Bascom had developed an analogy … with fishing, to explain the draw of the advertising. A fisherman stumbles on a spot loaded with fish. He is eager to tell others that he has discovered this secret fishing hole, but not to go “blabbing” about it (knowing of course that they will.) The fishing hole has always been there, but there is the illusion that he discovered it.

Jack Daniel’s advertising is a little like that, Bascom argues. The reader has the feeling that only he sees it. Black-and-white ads. Less than a full page. No headlines. Snapshot-like photos. No testimonials. No country club scenes. At the height of the campaign, there were 20 ads a year in over 60 publications in the U.S. alone. The pictures always different, the words always different, the message always the same.

The American image played well around the world. Local managers would say none of this dumpy advertising will work in our country or why can’t we have a big New York agency. Some markets wanted lifestyle advertising. Always polite, the Jack Daniel’s people would suggest they test their campaign against “Postcards.” “Postcards” always won.”

No Awards
The obscure little distillery starting winning recognition for its whiskey against the world’s most noted distillers at the World’s Fair Exhibition in St. Louis in 1904. It was not a fluke. Over the years, it won seven international gold medals.

But the advertising that built its recognition and reputation? Not so much. No Clios or Cannes Lions. Overwhelmingly, the prestigious industry awards were piled on flashier creative work, like Volkswagen and Alka-Seltzer.

That didn’t really bother the folks at Jack Daniel’s. They were a long way from Madison Avenue, and their product continued to move off the shelves. From 100,000 cases in 1955 to over 12 million cases today (for its base Black Label) and worldwide leadership. One of the great advertising success stories … and one of the least recognized.

There has always been a modesty about the marketing. “We deserve less credit that we get,” said Hancock. “What we have here is a product leading us by the nose.”

The Middle of the Big Road
Old-time Southerners talk about “being in the middle of the big road” to indicate that someone had left the small town narrow roads for the “big road” of New York and a larger world outside the farm. From the start, Jack Daniel’s shunned “the middle of the big road.”

Just before New Year’s one year, I received a small burlap bag of black-eyed peas with a letter saying that down in the Hollow, it is good luck to celebrate with hog’s jowl and black-eyed peas – and a recipe for cooking the peas. “You’ll have to get your own hog’s jowl.”

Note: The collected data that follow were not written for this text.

(* There exist an increasing function $g:\mathbb{N}\setminus\{0\}\to\mathbb{N}\setminus\{0\}$ and, for each $i\in\mathbb{N}\setminus\{0\}$, a regular $g(i)$-sided polygon $P^i\subseteq\mathbb{R}^2$ such that $S=\bigcup_{i=1}^\infty\big(P^i+i\,\mathbf e(1)\big)$ is a rational MICP representable set and the sets $P^i+i\,\mathbf e(1)$, $i\ge1$, are pairwise disjoint.
   Context: $\mathbf e(1)=(1,0)\in\mathbb{R}^2$. A set $S\subseteq\mathbb{R}^n$ is MICP representable if there is a closed convex $M\subseteq\mathbb{R}^{n+p+d}$ (variables $(\mathbf x,\mathbf y,\mathbf z)$) such that $\mathbf x\in S$ iff there exist $\mathbf y\in\mathbb{R}^p$, $\mathbf z\in\mathbb{Z}^d$ with $(\mathbf x,\mathbf y,\mathbf z)\in M$. It is rational MICP representable if such an $M$ exists with $\operatorname{proj}_{\mathbf z}(M)$ rationally unbounded, where $I\subseteq\mathbb{R}^d$ is rationally unbounded if for every image $I'\subseteq\mathbb{R}^{d'}$ of $I$ under a rational affine map, either $I'$ is bounded or its recession cone $I'_\infty=\{\mathbf r:\ \mathbf x+\lambda\mathbf r\in I'\ \forall\mathbf x\in I',\lambda\ge0\}$ contains a nonzero integer vector. *)

theory Defs
  imports "HOL-Analysis.Analysis"
begin

text \<open>Points of R^m are encoded as functions nat => real vanishing from index m on.
  The type nat => real carries the product topology (Function_Topology); on the
  closed subspace vec m this is the Euclidean topology of R^m.\<close>

definition vec :: "nat \<Rightarrow> (nat \<Rightarrow> real) set" where
  "vec m = {x. \<forall>i\<ge>m. x i = 0}"

definition convex_set :: "(nat \<Rightarrow> real) set \<Rightarrow> bool" where
  "convex_set M \<longleftrightarrow> (\<forall>x\<in>M. \<forall>y\<in>M. \<forall>u::real. 0 \<le> u \<and> u \<le> 1 \<longrightarrow>
      (\<lambda>i. u * x i + (1 - u) * y i) \<in> M)"

definition join :: "nat \<Rightarrow> nat \<Rightarrow> (nat \<Rightarrow> real) \<Rightarrow> (nat \<Rightarrow> real) \<Rightarrow> (nat \<Rightarrow> real) \<Rightarrow> (nat \<Rightarrow> real)" where
  "join n p x y z = (\<lambda>i. if i < n then x i else if i < n + p then y (i - n) else z (i - n - p))"

definition proj_z :: "nat \<Rightarrow> nat \<Rightarrow> nat \<Rightarrow> (nat \<Rightarrow> real) set \<Rightarrow> (nat \<Rightarrow> real) set" where
  "proj_z n p d M = (\<lambda>w. \<lambda>i. if i < d then w (n + p + i) else 0) ` M"

definition bounded_set :: "(nat \<Rightarrow> real) set \<Rightarrow> bool" where
  "bounded_set I \<longleftrightarrow> (\<exists>B. \<forall>x\<in>I. \<forall>i. \<bar>x i\<bar> \<le> B)"

definition rec_cone :: "nat \<Rightarrow> (nat \<Rightarrow> real) set \<Rightarrow> (nat \<Rightarrow> real) set" where
  "rec_cone m I = {r \<in> vec m. \<forall>x\<in>I. \<forall>t::real. t \<ge> 0 \<longrightarrow> (\<lambda>i. x i + t * r i) \<in> I}"

definition aff_map :: "nat \<Rightarrow> nat \<Rightarrow> (nat \<Rightarrow> nat \<Rightarrow> real) \<Rightarrow> (nat \<Rightarrow> real) \<Rightarrow> (nat \<Rightarrow> real) \<Rightarrow> (nat \<Rightarrow> real)" where
  "aff_map d d' A b x = (\<lambda>i. if i < d' then (\<Sum>j<d. A i j * x j) + b i else 0)"

definition rationally_unbounded :: "nat \<Rightarrow> (nat \<Rightarrow> real) set \<Rightarrow> bool" where
  "rationally_unbounded d I \<longleftrightarrow>
     (\<forall>d' A b. (\<forall>i j. A i j \<in> \<rat>) \<and> (\<forall>i. b i \<in> \<rat>) \<longrightarrow>
        (let I' = aff_map d d' A b ` I in
          bounded_set I' \<or> (\<exists>r\<in>rec_cone d' I'. (\<exists>i. r i \<noteq> 0) \<and> (\<forall>i. r i \<in> \<int>))))"

definition MICP_repr_by :: "nat \<Rightarrow> nat \<Rightarrow> nat \<Rightarrow> (nat \<Rightarrow> real) set \<Rightarrow> (nat \<Rightarrow> real) set \<Rightarrow> bool" where
  "MICP_repr_by n p d M S \<longleftrightarrow>
     M \<subseteq> vec (n + p + d) \<and> closed M \<and> convex_set M \<and>
     (\<forall>x\<in>vec n. x \<in> S \<longleftrightarrow>
        (\<exists>y\<in>vec p. \<exists>z\<in>vec d. (\<forall>i<d. z i \<in> \<int>) \<and> join n p x y z \<in> M))"

definition MICP_representable :: "nat \<Rightarrow> (nat \<Rightarrow> real) set \<Rightarrow> bool" where
  "MICP_representable n S \<longleftrightarrow> S \<subseteq> vec n \<and> (\<exists>p d M. MICP_repr_by n p d M S)"

definition rational_MICP_representable :: "nat \<Rightarrow> (nat \<Rightarrow> real) set \<Rightarrow> bool" where
  "rational_MICP_representable n S \<longleftrightarrow> S \<subseteq> vec n \<and>
     (\<exists>p d M. MICP_repr_by n p d M S \<and> rationally_unbounded d (proj_z n p d M))"

definition pt2 :: "real \<Rightarrow> real \<Rightarrow> (nat \<Rightarrow> real)" where
  "pt2 a c = (\<lambda>j. if j = 0 then a else if j = 1 then c else 0)"

definition e1 :: "nat \<Rightarrow> real" where
  "e1 = pt2 1 0"

definition regular_polygon :: "nat \<Rightarrow> (nat \<Rightarrow> real) set \<Rightarrow> bool" where
  "regular_polygon k P \<longleftrightarrow> k \<ge> 3 \<and>
     (\<exists>c1 c2 \<rho> \<theta>. \<rho> > 0 \<and>
        (let v = (\<lambda>l. pt2 (c1 + \<rho> * cos (\<theta> + 2 * pi * real l / real k))
                          (c2 + \<rho> * sin (\<theta> + 2 * pi * real l / real k)))
         in P = {(\<lambda>j. \<Sum>l<k. w l * v l j) | w. (\<forall>l<k. w l \<ge> 0) \<and> (\<Sum>l<k. w l) = 1}))"
lemma bridge_system_iff:
  fixes n1 n2 k1 k2 a b s c :: real
  defines "d \<equiv> 2 * k1 * n2 + 2 * k2 * n1 + k1 * k2"
  assumes d: "d \<noteq> 0"
  shows "a * k1 = 2 * s \<and> b * k2 = 2 * s \<and> a * n1 + b * n2 + s = c \<longleftrightarrow>
    a = 2 * c * k2 / d \<and> b = 2 * c * k1 / d \<and> s = c * k1 * k2 / d"
proof
  assume h: "a * k1 = 2 * s \<and> b * k2 = 2 * s \<and> a * n1 + b * n2 + s = c"
  have "a * d = 2 * c * k2" "b * d = 2 * c * k1" "s * d = c * k1 * k2"
    using h unfolding d_def by algebra+
  then show "a = 2 * c * k2 / d \<and> b = 2 * c * k1 / d \<and> s = c * k1 * k2 / d"
    using d by (simp add: field_simps)
next
  assume h: "a = 2 * c * k2 / d \<and> b = 2 * c * k1 / d \<and> s = c * k1 * k2 / d"
  then have "a * n1 + b * n2 + s = c * d / d"
    by (simp add: d_def add_divide_distrib algebra_simps)
  with h show "a * k1 = 2 * s \<and> b * k2 = 2 * s \<and> a * n1 + b * n2 + s = c"
    using d by simp
qed

locale bridged_blocks =
  fixes V1 V2 :: "'a set" and D1 D2 :: "'a \<Rightarrow> 'a \<Rightarrow> real" and K1 K2 :: "'a \<Rightarrow> real"
    and u v :: 'a
  assumes finite: "finite V1" "finite V2" and disjoint: "V1 \<inter> V2 = {}"
    and u: "u \<in> V1" and v: "v \<in> V2" and D1_uu: "D1 u u = 0" and D2_vv: "D2 v v = 0"
    and invertible: "invertible_on V1 D1" "invertible_on V2 D2"
    and K1: "\<forall>i\<in>V1. mvec V1 D1 K1 i = card V1" and K2: "\<forall>i\<in>V2. mvec V2 D2 K2 i = card V2"
begin
lemma card_map_fiber_le:
  assumes "mset v = image_mset g N" and "mset v' = image_mset g N"
  shows "card {w. mset w = N \<and> map g w = v} \<le> card {w. mset w = N \<and> map g w = v'}"
proof -
  obtain p where p: "p permutes {..<length v}" "permute_list p v = v'"
    using assms by (metis mset_eq_permutation)
  have inv: "permute_list (inv p) (permute_list p w) = w"
    if "w \<in> {w. mset w = N \<and> map g w = v}" for w
  proof -
    have "length w = length v"
      using that by auto
    then show ?thesis
      using permute_list_compose[of "inv p" w p] p(1) by (simp add: permutes_inv permutes_inv_o)
  qed
  show ?thesis
  proof (rule card_inj_on_le)
    show "inj_on (permute_list p) {w. mset w = N \<and> map g w = v}"
      using inv by (rule inj_on_inverseI)
    show "permute_list p ` {w. mset w = N \<and> map g w = v} \<subseteq> {w. mset w = N \<and> map g w = v'}"
    proof
      fix w' assume "w' \<in> permute_list p ` {w. mset w = N \<and> map g w = v}"
      then obtain w where w: "mset w = N" "map g w = v" "w' = permute_list p w"
        by blast
      then have "length w = length v"
        by auto
      then show "w' \<in> {w. mset w = N \<and> map g w = v'}"
        using w p by (simp add: permute_list_map[symmetric])
    qed
    show "finite {w. mset w = N \<and> map g w = v'}"
      by (rule finite_subset[OF _ finite_mset_eq[of N]]) auto
  qed
qed

lemma card_UN_map_fibers:
  assumes "finite V"
  shows "card (\<Union>v\<in>V. {w. mset w = N \<and> map g w = v}) = (\<Sum>v\<in>V. card {w. mset w = N \<and> map g w = v})"
  using assms by (subst card_UN_disjoint) (auto intro: finite_mset_eq[THEN finite_subset[rotated]])

lemma card_map_fiber:
  assumes "mset v = image_mset g N"
  shows "card {w. mset w = N \<and> map g w = v} * fact_multiplicities N = fact_multiplicities (image_mset g N)"
proof -
  define F where "F v = {w. mset w = N \<and> map g w = v}" for v
  define V where "V = {v. mset v = image_mset g N}"
  have fiber_eq: "card (F v') = card (F v)" if "v' \<in> V" for v'
    using that assms unfolding F_def V_def by (intro antisym card_map_fiber_le) auto
  have "{w. mset w = N} = (\<Union>v'\<in>V. F v')"
    unfolding F_def V_def by auto
  then have "card {w. mset w = N} = (\<Sum>v'\<in>V. card (F v'))"
    unfolding F_def V_def by (simp only: card_UN_map_fibers finite_mset_eq)
  also have "\<dots> = card V * card (F v)"
    using fiber_eq by simp
  finally have "card V * (card (F v) * fact_multiplicities N) = card V * fact_multiplicities (image_mset g N)"
    using card_mset_eq_mult_fact_multiplicities[of N] card_mset_eq_mult_fact_multiplicities[of "image_mset g N"]
    unfolding V_def by (metis mult.assoc size_image_mset)
  moreover have "V \<noteq> {}"
    using assms unfolding V_def by blast
  then have "card V > 0"
    using finite_mset_eq unfolding V_def by (simp add: card_gt_0_iff)
  ultimately show ?thesis
    unfolding F_def by simp
qed

lemma card_mset_eq_map_pred:
  "card {w. mset w = N \<and> P (map g w)} * fact_multiplicities N
     = card {v. mset v = image_mset g N \<and> P v} * fact_multiplicities (image_mset g N)"
proof -
  define V where "V = {v. mset v = image_mset g N \<and> P v}"
  have "finite V"
    unfolding V_def by (rule finite_subset[OF _ finite_mset_eq[of "image_mset g N"]]) auto
  moreover have "{w. mset w = N \<and> P (map g w)} = (\<Union>v\<in>V. {w. mset w = N \<and> map g w = v})"
    unfolding V_def by auto
  ultimately have "card {w. mset w = N \<and> P (map g w)} * fact_multiplicities N
      = (\<Sum>v\<in>V. card {w. mset w = N \<and> map g w = v} * fact_multiplicities N)"
    by (simp add: card_UN_map_fibers sum_distrib_right)
  also have "\<dots> = card V * fact_multiplicities (image_mset g N)"
    by (simp add: card_map_fiber V_def)
  finally show ?thesis unfolding V_def .
qed

fun nondvd_prefix_sums :: "nat \<Rightarrow> nat \<Rightarrow> nat list \<Rightarrow> bool" where
  "nondvd_prefix_sums q s [] = True"
| "nondvd_prefix_sums q s (x # xs) \<longleftrightarrow> \<not> q dvd (s + x) \<and> nondvd_prefix_sums q (s + x) xs"

lemma ball_atLeastAtMost_1_Suc:
  "(\<forall>j\<in>{1..Suc n}. P j) \<longleftrightarrow> P 1 \<and> (\<forall>j\<in>{1..n}. P (Suc j))"
proof -
  have "{1..Suc n} = insert 1 (Suc ` {1..n})"
    by (auto simp: image_iff)
  then show ?thesis
    by (simp del: image_Suc_atLeastAtMost)
qed

lemma nondvd_prefix_sums_iff:
  "nondvd_prefix_sums q s xs \<longleftrightarrow> (\<forall>j\<in>{1..length xs}. \<not> q dvd (s + psum xs j))"
proof (induction xs arbitrary: s)
  case (Cons x xs)
  show ?case
    unfolding length_Cons ball_atLeastAtMost_1_Suc
    using Cons.IH[of "s + x"] by (simp add: psum_def add.assoc)
qed simp

lemma q_cumulative_iff_nondvd_prefix_sums:
  "q_cumulative q xs \<longleftrightarrow> xs \<noteq> [] \<and> nondvd_prefix_sums q 0 xs"
  by (simp add: q_cumulative_def nondvd_prefix_sums_iff)

lemma nondvd_prefix_sums_mod_cong:
  assumes "s mod q = s' mod q" and "map (\<lambda>x. x mod q) xs = map (\<lambda>x. x mod q) ys"
  shows "nondvd_prefix_sums q s xs = nondvd_prefix_sums q s' ys"
  using assms
proof (induction xs arbitrary: s s' ys)
  case (Cons x xs)
  then obtain y ys' where ys: "ys = y # ys'" "x mod q = y mod q"
    by (cases ys) auto
  then have "(s + x) mod q = (s' + y) mod q"
    using Cons.prems(1) by (metis mod_add_cong)
  then show ?case
    using Cons ys by (simp add: dvd_eq_mod_eq_0)
qed simp

lemma q_cumulative_map_mod: "q_cumulative q (map (\<lambda>x. x mod q) xs) \<longleftrightarrow> q_cumulative q xs"
  using nondvd_prefix_sums_mod_cong[of 0 q 0 "map (\<lambda>x. x mod q) xs" xs]
  by (simp add: q_cumulative_iff_nondvd_prefix_sums)

lemma nondvd_prefix_sums_filter_nonzero:
  "\<not> q dvd s \<Longrightarrow> nondvd_prefix_sums q s (filter (\<lambda>x. x \<noteq> 0) xs) \<longleftrightarrow> nondvd_prefix_sums q s xs"
  by (induction xs arbitrary: s) auto

lemma q_cumulative_iff_filter_nonzero:
  "q_cumulative q xs \<longleftrightarrow> xs \<noteq> [] \<and> hd xs \<noteq> 0 \<and> q_cumulative q (filter (\<lambda>x. x \<noteq> 0) xs)"
proof (cases xs)
  case (Cons x xs')
  have "\<not> q dvd x \<Longrightarrow> x \<noteq> 0"
    by (rule ccontr) simp
  then show ?thesis
    using Cons nondvd_prefix_sums_filter_nonzero[of q x xs']
    by (auto simp: q_cumulative_iff_nondvd_prefix_sums)
qed (simp add: q_cumulative_def)

(* Inverse of splitting a word into its nonzero subword and its zero mask (True marks a 0). *)
fun fill_zeros :: "bool list \<Rightarrow> nat list \<Rightarrow> nat list" where
  "fill_zeros [] u = []"
| "fill_zeros (True # b) u = 0 # fill_zeros b u"
| "fill_zeros (False # b) [] = []"
| "fill_zeros (False # b) (x # u) = x # fill_zeros b u"

lemma fill_zeros_filter_mask: "fill_zeros (map (\<lambda>x. x = 0) v) (filter (\<lambda>x. x \<noteq> 0) v) = v"
  by (induction v) auto

context
  fixes b :: "bool list" and u :: "nat list"
  assumes length_u: "count (mset b) False = length u" and nonzero_u: "0 \<notin> set u"
begin

lemma filter_fill_zeros: "filter (\<lambda>x. x \<noteq> 0) (fill_zeros b u) = u"
  using length_u nonzero_u by (induction b u rule: fill_zeros.induct) auto

lemma map_fill_zeros: "map (\<lambda>x. x = 0) (fill_zeros b u) = b"
  using length_u nonzero_u by (induction b u rule: fill_zeros.induct) auto

lemma mset_fill_zeros: "mset (fill_zeros b u) = replicate_mset (count (mset b) True) 0 + mset u"
  using length_u by (induction b u rule: fill_zeros.induct) auto

end

lemma bij_betw_filter_zero_mask:
  fixes mu :: "nat multiset"
  assumes "0 \<notin># mu"
  shows "bij_betw (\<lambda>v. (filter (\<lambda>x. x \<noteq> 0) v, map (\<lambda>x. x = 0) v))
           {v. mset v = replicate_mset k 0 + mu}
           ({u. mset u = mu} \<times> {b. mset b = replicate_mset k True + replicate_mset (size mu) False})"
    (is "bij_betw ?f ?V (?U \<times> ?B)")
proof (rule bij_betw_byWitness[where f' = "\<lambda>(u, b). fill_zeros b u"])
  show "\<forall>v\<in>?V. (\<lambda>(u, b). fill_zeros b u) (?f v) = v"
    by (simp add: fill_zeros_filter_mask del: neq0_conv)
  show "\<forall>y\<in>?U \<times> ?B. ?f ((\<lambda>(u, b). fill_zeros b u) y) = y"
    using assms by (auto simp: filter_fill_zeros map_fill_zeros simp del: neq0_conv simp flip: size_mset)
  have "image_mset (\<lambda>x. x = 0) (replicate_mset k 0 + mu) = replicate_mset k True + replicate_mset (size mu) False"
    using assms by (induction mu) auto
  moreover have "filter_mset (\<lambda>x. x \<noteq> 0) (replicate_mset k 0 + mu) = mu"
    using assms by (induction mu) auto
  ultimately show "?f ` ?V \<subseteq> ?U \<times> ?B"
    by auto
  show "(\<lambda>(u, b). fill_zeros b u) ` (?U \<times> ?B) \<subseteq> ?V"
    using assms by (auto simp: mset_fill_zeros simp flip: size_mset)
qed

lemma card_bool_lists_count:
  "card {b. mset b = replicate_mset k True + replicate_mset n False} = (n + k) choose k"
proof -
  let ?A = "replicate_mset k True + replicate_mset n False"
  have "fact_multiplicities ?A = fact k * fact n"
    unfolding fact_multiplicities_def by (subst prod.mono_neutral_left[of "{True, False}"]) auto
  then have "card {b. mset b = ?A} * (fact k * fact n) = ((n + k) choose k) * (fact k * fact n)"
    using card_mset_eq_mult_fact_multiplicities[of ?A] binomial_fact_lemma[of k "n + k"]
    by (simp add: ac_simps)
  then show ?thesis
    by simp
qed

lemma card_preimage_bij_betw:
  assumes "bij_betw f A A'" and "S \<subseteq> A'"
  shows "card {x \<in> A. f x \<in> S} = card S"
proof -
  have "f ` {x \<in> A. f x \<in> S} = S"
    using assms by (auto simp: bij_betw_def)
  then have "bij_betw f {x \<in> A. f x \<in> S} S"
    by (intro bij_betw_subset[OF assms(1)]) auto
  then show ?thesis
    by (rule bij_betw_same_card)
qed

lemma bool_lists_hd_False_eq:
  "{b. mset b = replicate_mset k True + replicate_mset (Suc n) False \<and> b \<noteq> [] \<and> \<not> hd b}
     = Cons False ` {b. mset b = replicate_mset k True + replicate_mset n False}"
  by (auto simp: neq_Nil_conv image_iff)

lemma not_q_cumulative_if_all_zero:
  assumes "mset v = replicate_mset k 0"
  shows "\<not> q_cumulative q v"
proof (cases v)
  case (Cons x v')
  then have "x = 0"
    using assms by (metis list.set_intros(1) in_replicate_mset set_mset_mset)
  then show ?thesis
    using Cons by (simp add: q_cumulative_iff_nondvd_prefix_sums)
qed (simp add: q_cumulative_def)
theorem lemma4p4:
  fixes f g :: "complex \<Rightarrow> complex" and \<theta> :: real
  assumes "f \<in> hardy2" and "g \<in> hardy2"
    and "\<And>x::real. -1 < x \<Longrightarrow> x < 1 \<Longrightarrow> cmod (g (of_real x)) = cmod (f (of_real x))"
    and "\<And>t::real. -1 < t \<Longrightarrow> t < 1 \<Longrightarrow>
           cmod (g (of_real t * cis \<theta>)) = cmod (f (of_real t * cis \<theta>))"
    and "\<theta> / pi \<notin> \<rat>"
  shows "\<exists>c. cmod c = 1 \<and> (\<forall>z\<in>ball 0 1. g z = c * f z)"
proof -
  have holf: "f holomorphic_on ball 0 1" and holg: "g holomorphic_on ball 0 1"
    using assms(1,2) by (simp_all add: hardy2_def)
  have "(cis \<theta>)\<^sup>2 = cis (2 * \<theta>)"
    unfolding Complex.DeMoivre by simp
  moreover have "(2 * \<theta>) / pi \<notin> \<rat>"
    using assms(5) Rats_divide[of "2 * \<theta> / pi" 2] by auto
  ultimately have "inj (\<lambda>n. ((cis \<theta>)\<^sup>2) ^ n)"
    using inj_cis_power by simp
  then obtain c where "cmod c = 1" "\<And>z. z \<in> ball 0 1 \<Longrightarrow> g z = c * f z"
    using unimodular_multiple_if_norm_eq_on_two_diameters[OF holf holg _ _ assms(3,4)] by auto
  then show ?thesis by blast
qed

end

Along the way, glasses with Tennessee Toasts printed on the side.

May you always have
Red-eye gravy with your ham
Hush puppies with your catfish
And the good sense not
To argue with your wife.

On my birthday this year, an email: “Happy birthday! We wanted to email you a pre-poured shot, but the Internet won’t allow for it. Hoping the printable shot glass we got you makes up for it.” The headline: “PRINT. POUR. SHOOT.”

Today, Lem Motlow’s grand-daughter works in marketing at Jack Daniel’s. From Jack to Lem to present day.

And there are still few awards for the advertising. But that’s kinda the point.

‘Squire’ Kenneth Roman (Plot #3853b) is a former chairman of Ogilvy & Mather Worldwide and author of “The King of Madison Avenue: David Ogilvy and the creation of modern advertising.” He has no connection with Jack Daniel’s other than (like Dave Bascom) admiring of the marketing … and “partaking” of the product.